I am terrified. My boys are hard work. Deliciously cute, and ridiculously funny (to me) but full of energy, mischief and violence towards each other. My identity rightly or wrongly has always hinged on sticking a bit of mascara on and going to work. Sometimes I’ve relished challenges, got stuck in and learned lots and sometimes I’ve just gotten through the day. I’ve worked on some really great projects and with some really great people. Ones that made me laugh loads, taught me stuff, made me tea, begged me to bake for them and argued with me about absolutely every little thing. I loved that. They’re what I’m really going to miss when my coffee is going cold and I’m only arguing with a toddler about whether the TV can go on or not. (He knows nothing to speak of about feminism or water charges.)
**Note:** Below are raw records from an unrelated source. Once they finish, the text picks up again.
(* The assignment $\mathrm{L}:\mathbf{TArb}\to\mathbf{FinArb}^<_\star$ (defined below) is a well-defined functor: for every object $G$ of $\mathbf{TArb}$, $\mathrm{L}(G)$ is a finite edge-ordered arborescence, and for every morphism $h:G\to H$ of $\mathbf{TArb}$, $\mathrm{L}(h)$ is a homomorphism of pointed edge-ordered graphs $\mathrm{L}(G)\to\mathrm{L}(H)$; moreover $\mathrm{L}$ preserves identities and composition.
   Context: A (directed) graph is $(V,\to)$ with $\to\subseteq V\times V$; $N(u)$ is the set of outgoing edges of $u$. A pointed graph has a distinguished vertex $v_0$; connected means every vertex is reachable by a path from $v_0$. A path is a finite sequence $v_1\to\cdots\to v_n$ of vertices joined by edges, with length $|\pi|$; co-initial paths share their source; $\pi\sqsubset\sigma$ means $\pi$ is a proper prefix of $\sigma$. A finite edge-ordered graph is a finite graph with a strict linear order $\triangleleft$ on each neighborhood. Lexicographic path order: if $\pi\sqsubset\sigma$ then $\pi\prec\sigma$ (symmetrically); otherwise, with $\zeta$ the longest common prefix, $u$ its target and $v_1,v_2$ the next vertices, $\pi\prec\sigma$ iff $u\to v_1\triangleleft u\to v_2$. Shortlex: $\pi\prec^s\sigma$ iff $|\pi|<|\sigma|$ or ($|\pi|=|\sigma|$ and $\pi\prec\sigma$). A homomorphism of finite pointed edge-ordered graphs $h:G\to H$ is a vertex map with (i) $u\to v$ implies $h(u)\to h(v)$; (ii) the distinguished vertex of $G$ is the unique vertex mapped to the distinguished vertex of $H$; (iii) $u\to v_1\triangleleft u\to v_2$ implies $h(u)\to h(v_1)\triangleleft h(u)\to h(v_2)$. An arborescence is a pointed graph with a unique path $v_0\rightsquigarrow u$ for every $u$. $\mathbf{FinArb}^<_\star$: finite edge-ordered arborescences with homomorphisms of pointed edge-ordered graphs. $\mathbf{TArb}$: objects are finite, pointed, connected, edge-ordered graphs $G$ for which there is a finite, connected, pointed, edge-ordered arborescence $T$ on the same vertices with the same distinguished point such that the edge relation of $G$ is the transitive closure of that of $T$ and $u\to v_1\triangleleft u\to v_2$ in $G$ iff $(v_0\rightsquigarrow v_1)\prec^s(v_0\rightsquigarrow v_2)$ for the unique paths in $T$; in such $G$ longest paths $u\rightsquigarrow v$ are unique. Morphisms of $\mathbf{TArb}$ are homomorphisms satisfying (i)–(iii) that map the longest path $u\rightsquigarrow v$ to the longest path $h(u)\rightsquigarrow h(v)$. $\mathrm{L}(G)$ has the vertices and distinguished point of $G$, contains an edge $u\to v$ iff it lies on the longest path $v_0\rightsquigarrow v$ in $G$, with neighborhood order inherited from $G$; $\mathrm{L}(h)(v)=h(v)$. *)

theory Defs
  imports Main
begin

text \<open>A finite pointed edge-ordered graph: vertex set, edge relation, distinguished
  vertex, and for every vertex u a relation eord u v1 v2 meaning (u->v1) precedes (u->v2).\<close>

record 'a eograph =
  verts :: "'a set"
  arcs  :: "('a \<times> 'a) set"
  root  :: 'a
  eord  :: "'a \<Rightarrow> 'a \<Rightarrow> 'a \<Rightarrow> bool"

definition nbhd :: "('a, 'b) eograph_scheme \<Rightarrow> 'a \<Rightarrow> 'a set" where
  "nbhd G u = {v. (u, v) \<in> arcs G}"

definition wf_eog :: "('a, 'b) eograph_scheme \<Rightarrow> bool" where
  "wf_eog G \<longleftrightarrow> finite (verts G) \<and> arcs G \<subseteq> verts G \<times> verts G \<and> root G \<in> verts G \<and>
     (\<forall>u v1 v2. eord G u v1 v2 \<longrightarrow> v1 \<in> nbhd G u \<and> v2 \<in> nbhd G u) \<and>
     (\<forall>u v. \<not> eord G u v v) \<and>
     (\<forall>u v1 v2 v3. eord G u v1 v2 \<longrightarrow> eord G u v2 v3 \<longrightarrow> eord G u v1 v3) \<and>
     (\<forall>u v1 v2. v1 \<in> nbhd G u \<longrightarrow> v2 \<in> nbhd G u \<longrightarrow> v1 \<noteq> v2 \<longrightarrow>
                eord G u v1 v2 \<or> eord G u v2 v1)"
Instead of clients’ deadlines there is huge pressure on me now as official educator of the two and a half year old. He doesn’t know his colours. I do. Ergo, I must teach him. Currently he shouts “Red! Blue!” enthusiastically for absolutely everything. He sings songs all day long: Hickory Dickory Dock; Camptown Races; Incy Wincy and many many more classics that I did not teach him a single one of. What if he stops singing? What if he forgets them all and the tunes dry up because I am not up on my nursery rhymes?
This is most likely a temporary situation. I am job hunting. Needs must: financial needs, mental health needs, my-own-sense-of-fulfilment-needs. I worry that I write that too easily, like I’m just dying to put my kids back in childcare for 45 hours a week. I’m not, but you try finding a well paid three or four day a week fulfilling job in my area and pro-rata childcare and then come back to me. So full time work it will most likely be.
So for now, monday’s plan is The Grand Old Duke Of York and the colour green, because it’s my favourite. I’m looking ahead, resolutely, and without a paid job. Onwards and sideways!